YOUR OBJECTIVE ▸
From the first line of the records down to the one that holds "r) \<and> (\<forall>i.", transcribe each line exactly and add nothing.

INPUT DATA ▸
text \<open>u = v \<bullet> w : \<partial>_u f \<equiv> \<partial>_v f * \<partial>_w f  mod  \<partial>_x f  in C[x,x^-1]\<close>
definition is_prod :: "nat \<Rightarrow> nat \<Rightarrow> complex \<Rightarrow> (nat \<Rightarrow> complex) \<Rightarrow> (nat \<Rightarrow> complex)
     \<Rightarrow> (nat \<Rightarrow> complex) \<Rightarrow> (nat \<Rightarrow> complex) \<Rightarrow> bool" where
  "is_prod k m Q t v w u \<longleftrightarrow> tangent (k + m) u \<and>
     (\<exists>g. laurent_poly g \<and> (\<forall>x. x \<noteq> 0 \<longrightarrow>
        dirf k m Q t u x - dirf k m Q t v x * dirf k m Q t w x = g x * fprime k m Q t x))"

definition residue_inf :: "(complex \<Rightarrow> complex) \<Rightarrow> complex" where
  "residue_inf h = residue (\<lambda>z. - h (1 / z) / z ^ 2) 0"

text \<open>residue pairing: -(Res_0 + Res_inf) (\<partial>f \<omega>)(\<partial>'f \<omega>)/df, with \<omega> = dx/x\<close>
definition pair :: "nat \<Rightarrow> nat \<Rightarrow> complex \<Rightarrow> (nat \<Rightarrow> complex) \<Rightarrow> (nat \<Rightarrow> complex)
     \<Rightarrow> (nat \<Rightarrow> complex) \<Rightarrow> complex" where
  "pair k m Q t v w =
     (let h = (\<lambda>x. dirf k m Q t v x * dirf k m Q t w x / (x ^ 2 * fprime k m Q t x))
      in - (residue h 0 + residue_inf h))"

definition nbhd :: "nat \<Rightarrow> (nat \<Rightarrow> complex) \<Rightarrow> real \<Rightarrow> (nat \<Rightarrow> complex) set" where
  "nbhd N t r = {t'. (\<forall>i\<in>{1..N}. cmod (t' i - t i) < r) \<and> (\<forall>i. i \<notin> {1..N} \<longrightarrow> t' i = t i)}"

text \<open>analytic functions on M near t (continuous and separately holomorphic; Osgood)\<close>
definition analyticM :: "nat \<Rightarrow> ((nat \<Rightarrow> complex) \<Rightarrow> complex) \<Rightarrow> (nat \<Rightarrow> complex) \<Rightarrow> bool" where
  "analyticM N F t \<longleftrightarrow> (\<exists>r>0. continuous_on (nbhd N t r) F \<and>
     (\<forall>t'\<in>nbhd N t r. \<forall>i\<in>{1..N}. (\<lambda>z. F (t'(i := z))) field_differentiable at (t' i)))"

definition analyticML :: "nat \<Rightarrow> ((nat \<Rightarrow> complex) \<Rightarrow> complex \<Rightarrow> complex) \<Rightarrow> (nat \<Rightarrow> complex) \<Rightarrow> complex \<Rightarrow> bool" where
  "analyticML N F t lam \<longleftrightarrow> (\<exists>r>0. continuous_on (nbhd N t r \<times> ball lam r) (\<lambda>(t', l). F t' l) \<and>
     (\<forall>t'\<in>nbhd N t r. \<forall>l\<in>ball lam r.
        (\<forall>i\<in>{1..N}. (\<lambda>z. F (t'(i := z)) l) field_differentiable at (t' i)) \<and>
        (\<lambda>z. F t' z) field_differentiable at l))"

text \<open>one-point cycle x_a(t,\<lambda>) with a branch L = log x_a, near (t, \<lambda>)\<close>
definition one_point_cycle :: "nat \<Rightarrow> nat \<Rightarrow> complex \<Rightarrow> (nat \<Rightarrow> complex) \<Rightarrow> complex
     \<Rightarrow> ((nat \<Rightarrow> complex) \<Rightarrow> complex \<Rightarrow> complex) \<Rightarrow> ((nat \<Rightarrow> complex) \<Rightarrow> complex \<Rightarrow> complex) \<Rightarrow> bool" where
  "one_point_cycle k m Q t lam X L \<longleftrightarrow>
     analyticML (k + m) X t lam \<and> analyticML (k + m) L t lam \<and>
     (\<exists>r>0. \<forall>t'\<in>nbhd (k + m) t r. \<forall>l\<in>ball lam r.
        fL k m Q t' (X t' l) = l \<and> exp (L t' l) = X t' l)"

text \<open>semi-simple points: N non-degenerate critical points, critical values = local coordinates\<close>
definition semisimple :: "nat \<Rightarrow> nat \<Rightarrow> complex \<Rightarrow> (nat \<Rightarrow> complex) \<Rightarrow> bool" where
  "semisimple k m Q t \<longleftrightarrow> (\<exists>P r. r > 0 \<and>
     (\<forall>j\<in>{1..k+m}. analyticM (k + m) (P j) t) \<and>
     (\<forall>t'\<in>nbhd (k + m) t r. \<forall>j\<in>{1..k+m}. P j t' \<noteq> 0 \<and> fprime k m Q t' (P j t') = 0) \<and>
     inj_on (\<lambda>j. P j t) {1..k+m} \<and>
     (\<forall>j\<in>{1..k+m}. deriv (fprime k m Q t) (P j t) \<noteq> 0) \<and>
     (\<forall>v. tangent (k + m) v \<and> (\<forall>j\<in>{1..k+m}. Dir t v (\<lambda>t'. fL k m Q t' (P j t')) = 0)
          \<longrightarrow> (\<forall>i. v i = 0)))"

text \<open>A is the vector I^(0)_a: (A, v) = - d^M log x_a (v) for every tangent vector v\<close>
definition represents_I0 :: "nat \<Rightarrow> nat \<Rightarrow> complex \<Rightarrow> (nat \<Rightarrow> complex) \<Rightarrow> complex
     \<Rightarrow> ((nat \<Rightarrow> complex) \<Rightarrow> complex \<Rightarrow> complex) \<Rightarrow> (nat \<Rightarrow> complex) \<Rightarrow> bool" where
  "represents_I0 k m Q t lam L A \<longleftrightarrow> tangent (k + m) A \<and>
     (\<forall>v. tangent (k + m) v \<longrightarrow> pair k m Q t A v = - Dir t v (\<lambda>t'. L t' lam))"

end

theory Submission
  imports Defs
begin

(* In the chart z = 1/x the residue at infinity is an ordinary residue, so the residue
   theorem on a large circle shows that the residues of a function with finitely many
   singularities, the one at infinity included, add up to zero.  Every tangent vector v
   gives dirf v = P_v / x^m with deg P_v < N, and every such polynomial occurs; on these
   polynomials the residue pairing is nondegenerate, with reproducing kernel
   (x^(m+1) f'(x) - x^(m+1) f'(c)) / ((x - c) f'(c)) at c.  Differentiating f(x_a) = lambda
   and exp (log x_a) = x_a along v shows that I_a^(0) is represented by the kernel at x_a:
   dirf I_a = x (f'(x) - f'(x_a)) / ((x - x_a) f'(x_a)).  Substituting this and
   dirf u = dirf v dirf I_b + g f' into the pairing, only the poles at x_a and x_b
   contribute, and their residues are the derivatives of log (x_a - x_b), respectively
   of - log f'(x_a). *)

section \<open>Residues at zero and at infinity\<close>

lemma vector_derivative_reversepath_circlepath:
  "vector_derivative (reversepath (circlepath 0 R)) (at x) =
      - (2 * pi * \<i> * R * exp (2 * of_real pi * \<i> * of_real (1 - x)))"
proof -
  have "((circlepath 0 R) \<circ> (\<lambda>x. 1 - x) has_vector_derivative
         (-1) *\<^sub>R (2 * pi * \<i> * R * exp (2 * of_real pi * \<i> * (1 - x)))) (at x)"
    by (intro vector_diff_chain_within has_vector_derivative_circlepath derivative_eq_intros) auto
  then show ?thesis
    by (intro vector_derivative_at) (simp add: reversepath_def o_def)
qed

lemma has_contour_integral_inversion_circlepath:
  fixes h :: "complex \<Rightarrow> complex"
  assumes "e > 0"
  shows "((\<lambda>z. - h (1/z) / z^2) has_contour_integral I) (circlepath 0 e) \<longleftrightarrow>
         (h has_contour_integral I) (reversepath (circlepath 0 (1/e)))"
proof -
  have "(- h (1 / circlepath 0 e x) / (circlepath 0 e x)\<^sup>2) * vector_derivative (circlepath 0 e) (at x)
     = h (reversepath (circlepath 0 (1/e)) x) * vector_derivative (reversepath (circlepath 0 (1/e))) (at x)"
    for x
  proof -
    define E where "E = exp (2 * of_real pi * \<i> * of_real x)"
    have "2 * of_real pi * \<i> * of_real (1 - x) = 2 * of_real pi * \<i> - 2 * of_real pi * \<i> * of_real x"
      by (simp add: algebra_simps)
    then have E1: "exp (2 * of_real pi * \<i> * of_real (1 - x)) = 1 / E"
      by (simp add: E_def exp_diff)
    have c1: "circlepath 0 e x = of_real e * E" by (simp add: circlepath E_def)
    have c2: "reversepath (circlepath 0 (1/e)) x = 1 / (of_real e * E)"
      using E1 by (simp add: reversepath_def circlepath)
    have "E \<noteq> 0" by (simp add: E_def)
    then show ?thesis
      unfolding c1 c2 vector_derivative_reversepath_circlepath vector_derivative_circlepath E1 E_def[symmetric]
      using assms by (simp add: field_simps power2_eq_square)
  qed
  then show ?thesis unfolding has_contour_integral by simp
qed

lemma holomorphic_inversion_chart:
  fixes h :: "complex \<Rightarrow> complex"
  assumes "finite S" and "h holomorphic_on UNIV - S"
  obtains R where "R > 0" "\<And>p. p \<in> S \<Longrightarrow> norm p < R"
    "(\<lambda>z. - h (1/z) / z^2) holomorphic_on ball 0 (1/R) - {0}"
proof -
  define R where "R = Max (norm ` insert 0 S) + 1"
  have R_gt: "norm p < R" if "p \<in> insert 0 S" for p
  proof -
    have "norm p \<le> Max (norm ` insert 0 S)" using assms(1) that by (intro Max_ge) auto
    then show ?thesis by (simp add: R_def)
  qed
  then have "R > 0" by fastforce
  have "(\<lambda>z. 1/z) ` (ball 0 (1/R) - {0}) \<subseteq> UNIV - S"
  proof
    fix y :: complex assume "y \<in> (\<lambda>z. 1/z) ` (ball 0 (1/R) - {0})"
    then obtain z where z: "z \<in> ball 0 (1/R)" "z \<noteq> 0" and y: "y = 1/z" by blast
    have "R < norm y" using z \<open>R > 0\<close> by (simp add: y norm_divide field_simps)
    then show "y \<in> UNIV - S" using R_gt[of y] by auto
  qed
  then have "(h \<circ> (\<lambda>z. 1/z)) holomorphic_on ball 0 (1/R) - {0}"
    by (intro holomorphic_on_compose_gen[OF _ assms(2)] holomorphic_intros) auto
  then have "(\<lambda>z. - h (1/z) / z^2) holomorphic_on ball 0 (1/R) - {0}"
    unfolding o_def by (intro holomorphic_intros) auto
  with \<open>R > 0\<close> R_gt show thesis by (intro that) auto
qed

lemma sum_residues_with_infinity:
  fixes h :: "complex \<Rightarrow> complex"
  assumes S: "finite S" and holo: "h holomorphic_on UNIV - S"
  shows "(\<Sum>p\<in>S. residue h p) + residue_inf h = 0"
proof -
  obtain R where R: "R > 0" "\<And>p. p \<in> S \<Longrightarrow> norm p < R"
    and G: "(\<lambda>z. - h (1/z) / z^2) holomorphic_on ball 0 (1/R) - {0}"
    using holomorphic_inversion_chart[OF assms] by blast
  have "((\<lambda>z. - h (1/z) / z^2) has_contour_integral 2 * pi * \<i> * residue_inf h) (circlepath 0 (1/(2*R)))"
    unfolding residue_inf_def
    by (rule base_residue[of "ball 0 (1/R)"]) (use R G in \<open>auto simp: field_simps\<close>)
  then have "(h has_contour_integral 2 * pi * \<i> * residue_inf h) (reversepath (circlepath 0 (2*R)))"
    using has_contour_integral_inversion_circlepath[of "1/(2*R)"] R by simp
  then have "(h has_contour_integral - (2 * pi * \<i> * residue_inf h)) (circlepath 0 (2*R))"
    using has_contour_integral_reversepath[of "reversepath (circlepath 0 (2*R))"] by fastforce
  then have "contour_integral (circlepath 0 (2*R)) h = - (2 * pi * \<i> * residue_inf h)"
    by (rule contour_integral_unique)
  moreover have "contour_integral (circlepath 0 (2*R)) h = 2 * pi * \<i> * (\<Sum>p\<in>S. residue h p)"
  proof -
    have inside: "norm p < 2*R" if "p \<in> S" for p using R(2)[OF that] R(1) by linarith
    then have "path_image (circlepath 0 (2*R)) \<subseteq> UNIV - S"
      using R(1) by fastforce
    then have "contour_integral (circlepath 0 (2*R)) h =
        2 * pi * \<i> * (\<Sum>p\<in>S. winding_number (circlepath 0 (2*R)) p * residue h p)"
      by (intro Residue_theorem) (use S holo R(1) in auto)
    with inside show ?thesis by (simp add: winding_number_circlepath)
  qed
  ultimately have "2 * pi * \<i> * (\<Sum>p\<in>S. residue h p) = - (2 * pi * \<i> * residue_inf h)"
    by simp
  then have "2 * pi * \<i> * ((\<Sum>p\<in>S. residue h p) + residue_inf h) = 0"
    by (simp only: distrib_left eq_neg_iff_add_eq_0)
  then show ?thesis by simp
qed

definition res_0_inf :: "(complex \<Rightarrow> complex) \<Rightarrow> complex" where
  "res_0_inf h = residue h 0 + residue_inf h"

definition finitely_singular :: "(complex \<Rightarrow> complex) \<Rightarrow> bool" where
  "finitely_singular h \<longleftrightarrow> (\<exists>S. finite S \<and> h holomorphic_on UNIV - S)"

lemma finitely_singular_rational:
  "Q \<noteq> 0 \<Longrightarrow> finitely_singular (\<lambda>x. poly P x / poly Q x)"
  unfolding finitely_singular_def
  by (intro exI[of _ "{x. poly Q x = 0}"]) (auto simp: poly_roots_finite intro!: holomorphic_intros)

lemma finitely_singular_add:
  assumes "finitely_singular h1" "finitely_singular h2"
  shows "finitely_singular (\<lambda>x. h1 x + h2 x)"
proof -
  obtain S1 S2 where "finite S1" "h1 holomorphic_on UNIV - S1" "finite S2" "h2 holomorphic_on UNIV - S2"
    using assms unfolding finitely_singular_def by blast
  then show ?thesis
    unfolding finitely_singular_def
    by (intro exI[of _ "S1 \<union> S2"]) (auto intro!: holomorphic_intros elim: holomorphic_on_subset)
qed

WRITTEN SOLUTION ▸
text \<open>u = v \<bullet> w : \<partial>_u f \<equiv> \<partial>_v f * \<partial>_w f  mod  \<partial>_x f  in C[x,x^-1]\<close>
definition is_prod :: "nat \<Rightarrow> nat \<Rightarrow> complex \<Rightarrow> (nat \<Rightarrow> complex) \<Rightarrow> (nat \<Rightarrow> complex)
     \<Rightarrow> (nat \<Rightarrow> complex) \<Rightarrow> (nat \<Rightarrow> complex) \<Rightarrow> bool" where
  "is_prod k m Q t v w u \<longleftrightarrow> tangent (k + m) u \<and>
     (\<exists>g. laurent_poly g \<and> (\<forall>x. x \<noteq> 0 \<longrightarrow>
        dirf k m Q t u x - dirf k m Q t v x * dirf k m Q t w x = g x * fprime k m Q t x))"

definition residue_inf :: "(complex \<Rightarrow> complex) \<Rightarrow> complex" where
  "residue_inf h = residue (\<lambda>z. - h (1 / z) / z ^ 2) 0"

text \<open>residue pairing: -(Res_0 + Res_inf) (\<partial>f \<omega>)(\<partial>'f \<omega>)/df, with \<omega> = dx/x\<close>
definition pair :: "nat \<Rightarrow> nat \<Rightarrow> complex \<Rightarrow> (nat \<Rightarrow> complex) \<Rightarrow> (nat \<Rightarrow> complex)
     \<Rightarrow> (nat \<Rightarrow> complex) \<Rightarrow> complex" where
  "pair k m Q t v w =
     (let h = (\<lambda>x. dirf k m Q t v x * dirf k m Q t w x / (x ^ 2 * fprime k m Q t x))
      in - (residue h 0 + residue_inf h))"

definition nbhd :: "nat \<Rightarrow> (nat \<Rightarrow> complex) \<Rightarrow> real \<Rightarrow> (nat \<Rightarrow> complex) set" where
  "nbhd N t r = {t'. (\<forall>i\<in>{1..N}. cmod (t' i - t i) < r) \<and> (\<forall>i. i \<notin> {1..N} \<longrightarrow> t' i = t i)}"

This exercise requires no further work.